600 Steam engine number boards. 1 etching with 2 boxes, size 11,5 mm outside boxes.
Consolidation 664 was constructed in 1900, probably using an old 4-4-0 as starting point (according to E.D. Worley's IRON HORSES book.
It was upgraded several times during its long life and was donated to Travel Town, Griffith Prak, Los Angeles, were it stil is on display.
This conversion tries to copy this last version. Drawings of the tender are from Frank Ellington's book STEAM LOCOMOTIVES OF THE SANTA FE.
I have a special interest in this engine because I model Oklahoma in the 1950-1960 era. This engine class was used a lot overthere and small, good running models in N scale are scarce......
The base of this version is the MDC or Athearn old 2-8-0 engine. That model is a goodstarting point because of the the very good running charistics and excellent pulling power: slow speed is perfect and my model pulls 25 cars even up a 0,5% incline.
The original model looks toylike and needs a number of changes to resemble the intended 664 prototype.
The rivet counter will certainly find flaws but from a little distance this engine is quite a credible replica of the Travel Town engine; compare with the pictures you can find on the internet.
The original tender cannot be used: wrong trucks and truckspacing, motor too big and not ideal.....unfortunately.
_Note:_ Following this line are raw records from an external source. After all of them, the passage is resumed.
(* Each of the following classes of matroids is closed under two-sums (i.e. if $\mathcal{L}$ and $\mathcal{M}$ belong to the class and the two-sum $\mathcal{L}\oplus_g\mathcal{M}$ is defined, then $\mathcal{L}\oplus_g\mathcal{M}$ belongs to the class): (a) $\mathbf{B}$-Rayleigh matroids; (b) $\mathbf{I}$-Rayleigh matroids; (c) $\mathbf{S}$-Rayleigh matroids; (d) Potts-Rayleigh matroids.
   Context: For a finite set $E$ and a multiaffine polynomial $Z$ in indeterminates $\mathbf{y}=\{y_e:e\in E\}$ with nonnegative coefficients, not identically zero, let $\Delta Z\{e,f\}=Z_eZ_f-Z_{ef}Z$ where subscripts denote partial derivatives; $Z$ is Rayleigh if $\Delta Z\{e,f\}(\mathbf{y})\ge0$ for all distinct $e,f\in E$ and all $\mathbf{y}$ with all $y_c>0$. For a family $\mathcal{Q}$ of subsets of $E$ let $Z(\mathcal{Q};\mathbf{y})=\sum_{S\in\mathcal{Q}}\prod_{e\in S}y_e$. For a matroid $\mathcal{M}$ on $E$, let $\mathbf{B}\mathcal{M},\mathbf{I}\mathcal{M},\mathbf{S}\mathcal{M}$ be its sets of bases, independent sets and spanning sets; $\mathcal{M}$ is $\mathbf{B}$-Rayleigh (resp. $\mathbf{I}$-, $\mathbf{S}$-Rayleigh) if $Z(\mathbf{B}\mathcal{M};\mathbf{y})$ (resp. $Z(\mathbf{I}\mathcal{M};\mathbf{y})$, $Z(\mathbf{S}\mathcal{M};\mathbf{y})$) is Rayleigh. The Potts model partition function is $Z(\mathcal{M},q;\mathbf{y})=\sum_{S\subseteq E}q^{-\mathrm{rank}_{\mathcal{M}}(S)}\mathbf{y}^S$ for real $q>0$; $\mathcal{M}$ is Potts-Rayleigh if there is $q_*>0$ such that $Z(\mathcal{M},q;\mathbf{y})$ is Rayleigh for all $0<q\le q_*$. Two-sum: let $\mathcal{L},\mathcal{M}$ be matroids with $E(\mathcal{L})\cap E(\mathcal{M})=\{g\}$, $g$ neither a loop nor a coloop in $\mathcal{L}$ or in $\mathcal{M}$. Then $\mathcal{N}=\mathcal{L}\oplus_g\mathcal{M}$ is the matroid on $E(\mathcal{L})\cup E(\mathcal{M})\setminus\{g\}$ with rank function $\mathrm{rank}_{\mathcal{N}}(S)=\mathrm{rank}_{\mathcal{L}}(S\cap E(\mathcal{L}))+\mathrm{rank}_{\mathcal{M}}(S\cap E(\mathcal{M}))-\nu(S)$, where $\nu(S)=1$ if $g$ lies in the closure (in $\mathcal{L}$) of $S\cap E(\mathcal{L})$ and in the closure (in $\mathcal{M}$) of $S\cap E(\mathcal{M})$, and $\nu(S)=0$ otherwise. *)

theory Defs
  imports Complex_Main
begin

text \<open>A matroid on the finite ground set E is given by its rank function r
(only values on subsets of E matter), satisfying the rank axioms.\<close>

definition matroid :: "'a set \<Rightarrow> ('a set \<Rightarrow> nat) \<Rightarrow> bool" where
  "matroid E r \<longleftrightarrow> finite E
     \<and> (\<forall>S. S \<subseteq> E \<longrightarrow> r S \<le> card S)
     \<and> (\<forall>S T. S \<subseteq> T \<and> T \<subseteq> E \<longrightarrow> r S \<le> r T)
     \<and> (\<forall>S T. S \<subseteq> E \<and> T \<subseteq> E \<longrightarrow> r (S \<union> T) + r (S \<inter> T) \<le> r S + r T)"

definition indeps :: "'a set \<Rightarrow> ('a set \<Rightarrow> nat) \<Rightarrow> 'a set set" where
  "indeps E r = {S. S \<subseteq> E \<and> r S = card S}"

definition bases :: "'a set \<Rightarrow> ('a set \<Rightarrow> nat) \<Rightarrow> 'a set set" where
  "bases E r = {S. S \<subseteq> E \<and> r S = card S \<and> r S = r E}"

definition spannings :: "'a set \<Rightarrow> ('a set \<Rightarrow> nat) \<Rightarrow> 'a set set" where
  "spannings E r = {S. S \<subseteq> E \<and> r S = r E}"

definition closure_m :: "'a set \<Rightarrow> ('a set \<Rightarrow> nat) \<Rightarrow> 'a set \<Rightarrow> 'a set" where
  "closure_m E r S = {e \<in> E. r (insert e S) = r S}"

definition is_loop :: "'a set \<Rightarrow> ('a set \<Rightarrow> nat) \<Rightarrow> 'a \<Rightarrow> bool" where
  "is_loop E r g \<longleftrightarrow> g \<in> E \<and> r {g} = 0"

definition is_coloop :: "'a set \<Rightarrow> ('a set \<Rightarrow> nat) \<Rightarrow> 'a \<Rightarrow> bool" where
  "is_coloop E r g \<longleftrightarrow> g \<in> E \<and> r (E - {g}) < r E"

text \<open>A multiaffine polynomial in the indeterminates y_e (e in E) is given by its
coefficient function c on subsets of E:  Z(y) = sum over S of c S * y^S.
Partial derivatives are the formal ones.\<close>

definition mpoly_eval :: "'a set \<Rightarrow> ('a set \<Rightarrow> real) \<Rightarrow> ('a \<Rightarrow> real) \<Rightarrow> real" where
  "mpoly_eval E c y = (\<Sum>S\<in>Pow E. c S * (\<Prod>e\<in>S. y e))"

definition mpoly_d1 :: "'a set \<Rightarrow> ('a set \<Rightarrow> real) \<Rightarrow> 'a \<Rightarrow> ('a \<Rightarrow> real) \<Rightarrow> real" where
  "mpoly_d1 E c e y = (\<Sum>S\<in>{S\<in>Pow E. e \<in> S}. c S * (\<Prod>x\<in>S - {e}. y x))"

definition mpoly_d2 :: "'a set \<Rightarrow> ('a set \<Rightarrow> real) \<Rightarrow> 'a \<Rightarrow> 'a \<Rightarrow> ('a \<Rightarrow> real) \<Rightarrow> real" where
  "mpoly_d2 E c e f y = (\<Sum>S\<in>{S\<in>Pow E. e \<in> S \<and> f \<in> S}. c S * (\<Prod>x\<in>S - {e, f}. y x))"

definition rayleigh :: "'a set \<Rightarrow> ('a set \<Rightarrow> real) \<Rightarrow> bool" where
  "rayleigh E c \<longleftrightarrow>
     (\<forall>S\<subseteq>E. 0 \<le> c S) \<and> (\<exists>S\<subseteq>E. c S \<noteq> 0) \<and>
     (\<forall>e\<in>E. \<forall>f\<in>E. e \<noteq> f \<longrightarrow> (\<forall>y. (\<forall>x\<in>E. 0 < y x) \<longrightarrow>
        0 \<le> mpoly_d1 E c e y * mpoly_d1 E c f y - mpoly_d2 E c e f y * mpoly_eval E c y))"

text \<open>Generating polynomial Z(Q;y) of a family Q of subsets.\<close>
definition family_coeff :: "'a set set \<Rightarrow> 'a set \<Rightarrow> real" where
  "family_coeff Q S = (if S \<in> Q then 1 else 0)"

definition B_rayleigh :: "'a set \<Rightarrow> ('a set \<Rightarrow> nat) \<Rightarrow> bool" where
  "B_rayleigh E r \<longleftrightarrow> matroid E r \<and> rayleigh E (family_coeff (bases E r))"

definition I_rayleigh :: "'a set \<Rightarrow> ('a set \<Rightarrow> nat) \<Rightarrow> bool" where
  "I_rayleigh E r \<longleftrightarrow> matroid E r \<and> rayleigh E (family_coeff (indeps E r))"

definition S_rayleigh :: "'a set \<Rightarrow> ('a set \<Rightarrow> nat) \<Rightarrow> bool" where
  "S_rayleigh E r \<longleftrightarrow> matroid E r \<and> rayleigh E (family_coeff (spannings E r))"

definition potts_coeff :: "('a set \<Rightarrow> nat) \<Rightarrow> real \<Rightarrow> 'a set \<Rightarrow> real" where
  "potts_coeff r q S = q powr (- real (r S))"

definition potts_rayleigh :: "'a set \<Rightarrow> ('a set \<Rightarrow> nat) \<Rightarrow> bool" where
  "potts_rayleigh E r \<longleftrightarrow> matroid E r \<and>
     (\<exists>qs>0. \<forall>q. 0 < q \<and> q \<le> qs \<longrightarrow> rayleigh E (potts_coeff r q))"

definition two_sum_defined ::
  "'a set \<Rightarrow> ('a set \<Rightarrow> nat) \<Rightarrow> 'a set \<Rightarrow> ('a set \<Rightarrow> nat) \<Rightarrow> 'a \<Rightarrow> bool" where
  "two_sum_defined EL rL EM rM g \<longleftrightarrow> EL \<inter> EM = {g}
     \<and> \<not> is_loop EL rL g \<and> \<not> is_coloop EL rL g
     \<and> \<not> is_loop EM rM g \<and> \<not> is_coloop EM rM g"

definition two_sum_ground :: "'a set \<Rightarrow> 'a set \<Rightarrow> 'a \<Rightarrow> 'a set" where
  "two_sum_ground EL EM g = (EL \<union> EM) - {g}"

definition two_sum_rank ::
  "'a set \<Rightarrow> ('a set \<Rightarrow> nat) \<Rightarrow> 'a set \<Rightarrow> ('a set \<Rightarrow> nat) \<Rightarrow> 'a \<Rightarrow> 'a set \<Rightarrow> nat" where
  "two_sum_rank EL rL EM rM g S =
     rL (S \<inter> EL) + rM (S \<inter> EM)
     - (if g \<in> closure_m EL rL (S \<inter> EL) \<and> g \<in> closure_m EM rM (S \<inter> EM) then 1 else 0)"

end

(*
  Split the generating polynomials of the summands at the common element g:
  Z_L = P + y_g Q and Z_M = P' + y_g Q' with P, Q, P', Q' free of y_g.  In all four
  cases the polynomial of the two-sum is  k (P Q' + Q P' - alpha P P' - gamma Q Q'),
  with (k, alpha, gamma) = (1, 0, 0) for bases, (1, 0, 1) for independent sets,
  (1, 1, 0) for spanning sets and (q/(1-q), 1, q) for the Potts model; the
  coefficients c of each summand satisfy alpha c(S) <= c(S + g), gamma c(S + g) <= c(S),
  and alpha gamma <= 1.

  For e, f on the same side, say in L, the two-sum is k (P X + Q W) with X, W >= 0,
  i.e. k X Z_L evaluated at y_g = W/X, so its Rayleigh differences are k^2 X^2 times
  those of Z_L (the boundary X = 0 or W = 0 follows by continuity).  For e in L and f in M
  the Rayleigh difference factors as k^2 (1 - alpha gamma) (P_e Q - Q_e P) (P'_f Q' - Q'_f P'),
  and the two last factors are the Rayleigh differences of Z_L at {e, g} and of Z_M at
  {f, g}.
*)

theory Submission
  imports Defs
begin

section \<open>Mixed partial derivatives of multiaffine polynomials\<close>

definition mpoly_deriv :: "'a set \<Rightarrow> ('a set \<Rightarrow> real) \<Rightarrow> 'a set \<Rightarrow> ('a \<Rightarrow> real) \<Rightarrow> real" where
  "mpoly_deriv E c R y = (\<Sum>S\<in>Pow E. if R \<subseteq> S then c S * (\<Prod>x\<in>S - R. y x) else 0)"

definition rayleigh_delta :: "'a set \<Rightarrow> ('a set \<Rightarrow> real) \<Rightarrow> 'a \<Rightarrow> 'a \<Rightarrow> ('a \<Rightarrow> real) \<Rightarrow> real" where
  "rayleigh_delta E c e f y =
     mpoly_deriv E c {e} y * mpoly_deriv E c {f} y
   - mpoly_deriv E c {e, f} y * mpoly_deriv E c {} y"

lemma rayleigh_delta_commute: "rayleigh_delta E c e f y = rayleigh_delta E c f e y"
  by (simp add: rayleigh_delta_def insert_commute)

lemma mpoly_eval_eq_deriv: "mpoly_eval E c y = mpoly_deriv E c {} y"
  by (simp add: mpoly_eval_def mpoly_deriv_def)

lemma mpoly_d1_eq_deriv: "finite E \<Longrightarrow> mpoly_d1 E c e y = mpoly_deriv E c {e} y"
  unfolding mpoly_d1_def mpoly_deriv_def by (subst sum.inter_filter) auto

lemma mpoly_d2_eq_deriv: "finite E \<Longrightarrow> mpoly_d2 E c e f y = mpoly_deriv E c {e, f} y"
  unfolding mpoly_d2_def mpoly_deriv_def by (subst sum.inter_filter) auto

lemma rayleigh_iff_delta:
  assumes "finite E"
  shows "rayleigh E c \<longleftrightarrow> (\<forall>S\<subseteq>E. 0 \<le> c S) \<and> (\<exists>S\<subseteq>E. c S \<noteq> 0) \<and>
     (\<forall>e\<in>E. \<forall>f\<in>E. e \<noteq> f \<longrightarrow> (\<forall>y. (\<forall>x\<in>E. 0 < y x) \<longrightarrow> 0 \<le> rayleigh_delta E c e f y))"
  by (simp add: rayleigh_def rayleigh_delta_def mpoly_eval_eq_deriv
      mpoly_d1_eq_deriv[OF assms] mpoly_d2_eq_deriv[OF assms])

lemma rayleigh_cong:
  assumes "\<And>S. S \<subseteq> E \<Longrightarrow> c S = c' S"
  shows "rayleigh E c \<longleftrightarrow> rayleigh E c'"
proof -
  have "mpoly_eval E c = mpoly_eval E c'" "mpoly_d1 E c = mpoly_d1 E c'"
    "mpoly_d2 E c = mpoly_d2 E c'"
    using assms by (auto simp: fun_eq_iff mpoly_eval_def mpoly_d1_def mpoly_d2_def intro!: sum.cong)
  then show ?thesis
    using assms unfolding rayleigh_def by auto
qed

lemma mpoly_deriv_add:
  "mpoly_deriv E (\<lambda>S. c S + c' S) R y = mpoly_deriv E c R y + mpoly_deriv E c' R y"
  unfolding mpoly_deriv_def sum.distrib[symmetric] by (rule sum.cong) (auto simp: algebra_simps)

lemma mpoly_deriv_diff:
  "mpoly_deriv E (\<lambda>S. c S - c' S) R y = mpoly_deriv E c R y - mpoly_deriv E c' R y"
  unfolding mpoly_deriv_def sum_subtractf[symmetric] by (rule sum.cong) (auto simp: algebra_simps)

lemma mpoly_deriv_scale: "mpoly_deriv E (\<lambda>S. k * c S) R y = k * mpoly_deriv E c R y"
  unfolding mpoly_deriv_def sum_distrib_left by (rule sum.cong) (auto simp: algebra_simps)

lemma mpoly_deriv_nonneg:
  "(\<And>S. S \<subseteq> E \<Longrightarrow> 0 \<le> c S) \<Longrightarrow> (\<And>x. x \<in> E \<Longrightarrow> 0 \<le> y x) \<Longrightarrow> 0 \<le> mpoly_deriv E c R y"
  unfolding mpoly_deriv_def by (intro sum_nonneg) (auto intro!: mult_nonneg_nonneg prod_nonneg)

lemma mpoly_deriv_fun_upd: "g \<notin> E \<Longrightarrow> mpoly_deriv E c R (y(g := t)) = mpoly_deriv E c R y"
  unfolding mpoly_deriv_def
  by (intro sum.cong refl if_cong arg_cong[where f="\<lambda>u. c _ * u"] prod.cong) auto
The new tender is completely 3D printed (and not resin cast) because the walls are thinner than the cast version. For the sound version you will need all the room you can get inside the tender shell. The correct archbar eleptical feature all-wheel electrical pickup.
Shorten the vertical wheelcontact strip to floorlevel of the tenderframe and solder short black (right rail) and red 9left rail) leads to them. Using the supplied shrink tubing insulate these connections.
Inside the shell is enough room for the new coreless 8 x 16 mm 12V motor, a ZIMO MX648 sound decoder and a 8x11 mm sugarcube speaker plus all necessary wire connections. I took the ZIMO MX648 because it was the smallest sounddecoder available at that moment and the fact that it does not need an external capicitor. Programming is a bit more complex but the different sounds available in the standard steam version are excellent.
There is even enough room for a 1 mm thick lead wheight under the decoder and between motor and speakerbaffle (see pictures). The tender is quite light and the lead provides better tracking and railcontact.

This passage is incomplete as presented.